“You promised me the first dance,” he breathlessly informed Gail. He had been walking rapidly.

“Are they ready?” she inquired, stepping a pace away from Dick.

“Well, the musicians are coming in,” evaded Cunningham, tucking her hand in his arm.

“I’ve the second one, remember, Gail,” Dick reminded her, as he glanced around the ballroom for his own partner, but Gail distinctly felt his eyes following her as she walked away with Cunningham.

“I know now of what your profile reminds me,” Cunningham told her; “the Charmeaux ‘Praying Nymph.’ It is the most spiritually beautiful of all the pictures in the Louvre.”

“I wonder which is the stronger emotion in me just now,” she returned; “gratified vanity or curiosity.”

“I hope it’s the latter,” smiled Cunningham. “I recall now a gallery in which there is a very good copy of the Charmeaux canvas, and I’d be delighted to take you.”

“I’ll go with pleasure,” promised Gail, and Cunningham turned to her with a grateful smile.
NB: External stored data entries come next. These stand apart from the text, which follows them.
(* Let $\mathbf{F}$ be a field of characteristic $3$, let $\lambda=(\lambda_1,\lambda_2)$ be a partition with $m=\lambda_1-\lambda_2$, and let $t\in\mathbf{N}$. Then in $S_\mathbf{F}(\lambda)$, \[\psi_{m,t}=\psi_{m,t-1}\Big[\tbinom{m_{t-1}}{2}+\tbinom{m_{t-1}}{1}b(3^{t-1})+\tbinom{m_{t-1}}{0}b(2\cdot3^{t-1})\Big]+\tbinom{m_{t-1}}{2}b(3^{t-1})+\tbinom{m_{t-1}}{1}b(2\cdot3^{t-1}),\] where $m_{t-1}$ is the $(t-1)$-th base-3 digit of $m$.
   Context: $S_\mathbf{F}(\lambda)=\operatorname{End}_{\mathbf{F}S_r}(M^\lambda)$ is a commutative $\mathbf{F}$-algebra with basis $b(0)=\mathbf{1},\dots,b(\lambda_2)$ and multiplication $b(i)b(j)=\sum_{h=\max\{i,j\}}^{i+j}\binom{h}{i}\binom{h}{j}\binom{m+i+j}{i+j-h}b(h)$, $b(a)=0$ for $a>\lambda_2$. For $m=\sum_u m_u3^u$ in base 3, $m_{<u}=\sum_{s<u}m_s3^s$ and $\psi_{m,u}=\sum_{k=1}^{3^u-1}\binom{m_{<u}}{3^u-k}b(k)$ (so $\psi_{m,0}=0$). *)

theory Defs
  imports Main
begin

text \<open>Elements of the algebra S_F(lambda) are represented by their coefficient
  vectors with respect to the basis b(0),...,b(lambda_2): functions nat => F
  which vanish beyond lambda_2. The parameters are m = lambda_1 - lambda_2 and
  l2 = lambda_2.\<close>

definition bas :: "nat \<Rightarrow> nat \<Rightarrow> 'a::field \<Rightarrow> nat \<Rightarrow> 'a" where
  "bas l2 k c = (\<lambda>h. if h = k \<and> k \<le> l2 then c else 0)"

abbreviation b :: "nat \<Rightarrow> nat \<Rightarrow> nat \<Rightarrow> 'a::field" where
  "b l2 k \<equiv> bas l2 k 1"

definition vadd :: "(nat \<Rightarrow> 'a::field) \<Rightarrow> (nat \<Rightarrow> 'a) \<Rightarrow> nat \<Rightarrow> 'a" where
  "vadd x y = (\<lambda>h. x h + y h)"

definition vsmul :: "'a::field \<Rightarrow> (nat \<Rightarrow> 'a) \<Rightarrow> nat \<Rightarrow> 'a" where
  "vsmul c x = (\<lambda>h. c * x h)"

text \<open>Structure constant: coefficient of b(h) in b(i) b(j).\<close>
definition sc :: "nat \<Rightarrow> nat \<Rightarrow> nat \<Rightarrow> nat \<Rightarrow> 'a::field" where
  "sc m i j h = (if max i j \<le> h \<and> h \<le> i + j
      then of_nat ((h choose i) * (h choose j) * ((m + i + j) choose (i + j - h))) else 0)"

definition smult :: "nat \<Rightarrow> nat \<Rightarrow> (nat \<Rightarrow> 'a::field) \<Rightarrow> (nat \<Rightarrow> 'a) \<Rightarrow> nat \<Rightarrow> 'a" where
  "smult m l2 x y = (\<lambda>h. if h \<le> l2
      then (\<Sum>i\<le>l2. \<Sum>j\<le>l2. x i * y j * sc m i j h) else 0)"

definition digit3 :: "nat \<Rightarrow> nat \<Rightarrow> nat" where
  "digit3 m u = m div 3 ^ u mod 3"

definition trunc3 :: "nat \<Rightarrow> nat \<Rightarrow> nat" where
  "trunc3 m u = m mod 3 ^ u"

definition psi :: "nat \<Rightarrow> nat \<Rightarrow> nat \<Rightarrow> nat \<Rightarrow> 'a::field" where
  "psi l2 m u = (\<lambda>h. \<Sum>k\<in>{1..3 ^ u - 1}. of_nat (trunc3 m u choose (3 ^ u - k)) * b l2 k h)"

end

theory Submission
  imports Defs "HOL-Computational_Algebra.Polynomial" "HOL-Computational_Algebra.Primes"
begin

text \<open>Put \<open>N = 3^(t-1)\<close>, so that \<open>m\<^sub><\<^sub>t = m\<^sub>t\<^sub>-\<^sub>1 N + m\<^sub><\<^sub>t\<^sub>-\<^sub>1\<close>.
  In characteristic \<open>p\<close> the identity \<open>(1 + X)^N = 1 + X^N\<close> for \<open>N = p^s\<close> gives the
  digitwise factorisation of Lucas' theorem, \<open>C(d N + r, a N + c) = C(d, a) C(r, c)\<close> for \<open>r, c < N\<close>.
  Applied to the structure constants, it shows that \<open>b(i) b(a N) = b(a N + i)\<close> for
  \<open>i < N\<close>, so multiplying \<open>\<psi>\<^sub>m\<^sub>,\<^sub>t\<^sub>-\<^sub>1\<close>, which is supported below \<open>N\<close>,
  by \<open>b(a N)\<close> merely shifts it by \<open>a N\<close>. Applied to the coefficients of \<open>\<psi>\<^sub>m\<^sub>,\<^sub>t\<close>,
  it shows that the coefficient of \<open>b(j N + k)\<close>, \<open>1 \<le> k \<le> N\<close>, equals
  \<open>C(m\<^sub>t\<^sub>-\<^sub>1, 2 - j) C(m\<^sub><\<^sub>t\<^sub>-\<^sub>1, N - k)\<close>; comparing coefficients block by block
  gives the recursion.\<close>

hide_const (open) Polynomial.smult

lemma power_monom_plus_one:
  "(monom 1 N + 1 :: 'a::comm_semiring_1 poly) ^ n = (\<Sum>k\<le>n. monom (of_nat (n choose k)) (N * k))"
  by (simp add: binomial_ring monom_power of_nat_poly mult_monom flip: monom_0)

lemma coeff_monom_plus_one_power:
  "coeff ((monom 1 1 + 1 :: 'a::comm_semiring_1 poly) ^ n) j = of_nat (n choose j)"
  by (simp add: power_monom_plus_one coeff_sum binomial_eq_0)

lemma of_nat_binomial_digit_split:
  assumes char: "prime CHAR('a::comm_ring_1)" and N: "N = CHAR('a) ^ s"
    and "r < N" and "c < N"
  shows "(of_nat ((d * N + r) choose (a * N + c)) :: 'a) = of_nat (d choose a) * of_nat (r choose c)"
proof -
  let ?P = "monom 1 1 + 1 :: 'a poly"
  have "?P ^ N = monom 1 N + 1"
    using freshmans_dream'[where 'a = "'a poly", of N s "monom 1 1" 1] char N
    by (simp add: monom_power)
  then have "?P ^ (d * N + r) = (\<Sum>i\<le>d. monom (of_nat (d choose i)) (N * i) * ?P ^ r)"
    by (simp add: power_add power_mult mult.commute[of d] power_monom_plus_one sum_distrib_right)
  then have "coeff (?P ^ (d * N + r)) (a * N + c) = (\<Sum>i\<le>d. if a * N + c < N * i then 0
      else of_nat (d choose i) * of_nat (r choose (a * N + c - N * i)))"
    by (simp only: coeff_sum coeff_monom_mult coeff_monom_plus_one_power)
  also have "\<dots> = (\<Sum>i\<le>d. if i = a then of_nat (d choose a) * of_nat (r choose c) else 0)"
  proof (rule sum.cong[OF refl])
    fix i
    have "r < a * N + c - N * i" if "i < a"
    proof -
      have "N * (i + 1) \<le> N * a" using that by (intro mult_le_mono2) simp
      then show ?thesis using \<open>r < N\<close> by (simp add: algebra_simps)
    qed
    moreover have "a * N + c < N * i" if "a < i"
    proof -
      have "N * (a + 1) \<le> N * i" using that by (intro mult_le_mono2) simp
      then show ?thesis using \<open>c < N\<close> by (simp add: algebra_simps)
    qed
    ultimately show "(if a * N + c < N * i then 0
        else of_nat (d choose i) * of_nat (r choose (a * N + c - N * i)) :: 'a)
      = (if i = a then of_nat (d choose a) * of_nat (r choose c) else 0)"
      by (cases i a rule: linorder_cases) (auto simp: binomial_eq_0 mult.commute)
  qed
  also have "\<dots> = of_nat (d choose a) * of_nat (r choose c)"
    by (auto simp: binomial_eq_0)
  finally show ?thesis
    by (simp only: coeff_monom_plus_one_power)
qed

lemma sc_block_multiple:
  assumes char: "prime CHAR('a::field)" and N: "N = CHAR('a) ^ s" and "i < N"
  shows "(sc m i (a * N) h :: 'a) = (if h = a * N + i then 1 else 0)"
proof (cases "max i (a * N) \<le> h \<and> h \<le> i + a * N")
  case False
  then show ?thesis by (auto simp: sc_def)
next
  case True
  then obtain k where h: "h = a * N + k" and "k \<le> i"
    by (metis add.commute add_le_imp_le_left le_add_diff_inverse max.bounded_iff)
  with \<open>i < N\<close> have "k < N" by simp
  have "(of_nat (h choose i) :: 'a) = of_nat (k choose i)"
    using of_nat_binomial_digit_split[OF char N \<open>k < N\<close> \<open>i < N\<close>, where d = a and a = 0] h
    by simp
  moreover have "(of_nat (h choose (a * N)) :: 'a) = 1"
    using of_nat_binomial_digit_split[OF char N \<open>k < N\<close>, where c = 0 and d = a and a = a]
      h \<open>k < N\<close> by simp
  ultimately show ?thesis
    using h \<open>k \<le> i\<close> by (auto simp: sc_def binomial_eq_0)
qed

lemma smult_vadd: "smult m l2 x (vadd y z) = vadd (smult m l2 x y) (smult m l2 x z)"
  unfolding Defs.smult_def vadd_def by (auto simp: algebra_simps sum.distrib)

lemma smult_vsmul: "smult m l2 x (vsmul c y) = vsmul c (smult m l2 x y)"
  unfolding Defs.smult_def vsmul_def by (auto simp: algebra_simps sum_distrib_left)

lemma smult_b_block_multiple:
  assumes char: "prime CHAR('a::field)" and N: "N = CHAR('a) ^ s"
    and x: "\<And>i. N \<le> i \<Longrightarrow> x i = (0::'a)"
  shows "smult m l2 x (b l2 (a * N)) h = (if h \<le> l2 \<and> a * N \<le> h then x (h - a * N) else 0)"
proof (cases "h \<le> l2 \<and> a * N \<le> l2")
  case False
  then show ?thesis by (auto simp: Defs.smult_def bas_def)
next
  case True
  have "smult m l2 x (b l2 (a * N)) h = (\<Sum>i\<le>l2. x i * sc m i (a * N) h)"
    using True
    by (simp add: Defs.smult_def bas_def if_distrib[of "\<lambda>y. _ * y"] if_distrib[of "\<lambda>y. y * _"]
        sum.delta cong: if_cong)
  also have "\<dots> = (\<Sum>i\<le>l2. if i = h - a * N \<and> a * N \<le> h then x i else 0)"
  proof (rule sum.cong[OF refl])
    fix i
    show "x i * sc m i (a * N) h = (if i = h - a * N \<and> a * N \<le> h then x i else 0)"
      by (cases "i < N") (auto simp: sc_block_multiple[OF char N] x)
  qed
  also have "\<dots> = (if a * N \<le> h then x (h - a * N) else 0)"
    using True by (auto simp: sum.delta)
  finally show ?thesis using True by simp
qed

lemma psi_apply:
  "psi l2 m u h = (if 1 \<le> h \<and> h < 3 ^ u \<and> h \<le> l2 then of_nat (trunc3 m u choose (3 ^ u - h)) else 0)"
proof -
  have "psi l2 m u h = (\<Sum>k\<in>{1..3 ^ u - 1}.
      if k = h \<and> h \<le> l2 then of_nat (trunc3 m u choose (3 ^ u - h)) else 0)"
    unfolding psi_def bas_def by (rule sum.cong) auto
  then show ?thesis by (auto simp: sum.delta intro!: sum.neutral)
qed

lemma smult_psi_b_block_multiple:
  assumes "CHAR('a::field) = 3"
  shows "smult m l2 (psi l2 m u :: nat \<Rightarrow> 'a) (b l2 (a * 3 ^ u)) h =
    (if h \<le> l2 \<and> a * 3 ^ u \<le> h then psi l2 m u (h - a * 3 ^ u) else 0)"
  by (rule smult_b_block_multiple) (use assms in \<open>simp_all add: psi_apply\<close>)

lemma nat_block_decomposition:
  fixes h q N :: nat
  assumes "0 < h" and "h < q * N"
  obtains j k where "j < q" and "1 \<le> k" and "k \<le> N" and "h = j * N + k"
proof -
  have "(h - 1) div N < q"
    using assms by (intro less_mult_imp_div_less) linarith
  moreover have "0 < N"
    using assms by (cases N) auto
  moreover have "h = (h - 1) div N * N + ((h - 1) mod N + 1)"
    using assms(1) by simp
  ultimately show ?thesis
    using that[of "(h - 1) div N" "(h - 1) mod N + 1"] by (simp add: Suc_le_eq)
qed

lemma trunc3_Suc: "trunc3 m (Suc u) = digit3 m u * 3 ^ u + trunc3 m u"
  unfolding trunc3_def digit3_def power_Suc2 mod_mult2_eq by simp

lemma psi_Suc_block:
  assumes "CHAR('a::field) = 3" and "j < 3" and "1 \<le> k" and "k \<le> 3 ^ u"
    and "j * 3 ^ u + k < 3 ^ Suc u" and "j * 3 ^ u + k \<le> l2"
  shows "(psi l2 m (Suc u) (j * 3 ^ u + k) :: 'a) =
    of_nat (digit3 m u choose (2 - j)) * of_nat (trunc3 m u choose (3 ^ u - k))"
proof -
  have "3 ^ Suc u - (j * 3 ^ u + k) = (2 - j) * 3 ^ u + (3 ^ u - k)"
    using assms(2-4) by (auto simp: algebra_simps numeral_eq_Suc less_Suc_eq)
  moreover have "trunc3 m u < 3 ^ u" "3 ^ u - k < (3::nat) ^ u"
    using assms(3) by (simp_all add: trunc3_def)
  ultimately show ?thesis
    using assms(1,3,5,6) of_nat_binomial_digit_split[where 'a = 'a and s = u and N = "3 ^ u"]
    by (simp add: psi_apply trunc3_Suc del: power_Suc)
qed

theorem mainTheorem6:
  fixes l1 l2 t :: nat
  assumes "CHAR('a::field) = 3"
    and "l2 \<le> l1"
    and "1 \<le> t"
  defines "m \<equiv> l1 - l2"
  defines "d \<equiv> digit3 (l1 - l2) (t - 1)"
  shows "(psi l2 m t :: nat \<Rightarrow> 'a) =
    vadd (vadd
      (smult m l2 (psi l2 m (t - 1))
         (vadd (vadd (vsmul (of_nat (d choose 2)) (b l2 0))
                     (vsmul (of_nat (d choose 1)) (b l2 (3 ^ (t - 1)))))
               (vsmul (of_nat (d choose 0)) (b l2 (2 * 3 ^ (t - 1))))))
      (vsmul (of_nat (d choose 2)) (b l2 (3 ^ (t - 1)))))
      (vsmul (of_nat (d choose 1)) (b l2 (2 * 3 ^ (t - 1))))"
proof -
  obtain u where t: "t = Suc u" using assms(3) by (cases t) auto
  define N where "N = (3::nat) ^ u"
  note shifts = smult_psi_b_block_multiple[OF assms(1), where u = u, folded N_def]
  have N: "3 ^ Suc u = 3 * N" "1 \<le> N" by (simp_all add: N_def)
  show ?thesis
    unfolding t diff_Suc_1 N_def[symmetric] smult_vadd smult_vsmul
    unfolding vadd_def vsmul_def shifts[where a = 0, simplified] shifts[where a = 1, simplified]
      shifts[where a = 2]
  proof (rule ext, goal_cases)
    case (1 h)
    show ?case
    proof (cases "h = 0 \<or> l2 < h \<or> 3 * N \<le> h")
      case True
      then show ?thesis using N by (auto simp: bas_def psi_apply)
    next
      case False
      then have "0 < h" "h < 3 * N" by auto
      then obtain j k where block: "j < 3" "1 \<le> k" "k \<le> N" "h = j * N + k"
        by (rule nat_block_decomposition)
      have "d = digit3 m u" by (simp add: d_def m_def t)
      then have lhs: "(psi l2 m (Suc u) h :: 'a) =
          of_nat (d choose (2 - j)) * of_nat (trunc3 m u choose (N - k))"
        using psi_Suc_block[OF assms(1), of j k u l2 m] block False N by (simp add: N_def)
      from \<open>j < 3\<close> consider "j = 0" | "j = 1" | "j = 2" by linarith
      then show ?thesis
        unfolding lhs by cases (use block False N in \<open>auto simp: bas_def psi_apply\<close>)
    qed
  qed
qed

end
“I would prefer to show you the original,” he ventured.

“Oh, look at them tuning their drums,” cried Gail, and he thought that she had entirely missed his hint, that the keenest delight in his life would be to lead her through the Louvre, and from thence to a perspective of picture galleries, dazzling with all the hues of the spectrum, and as long as life!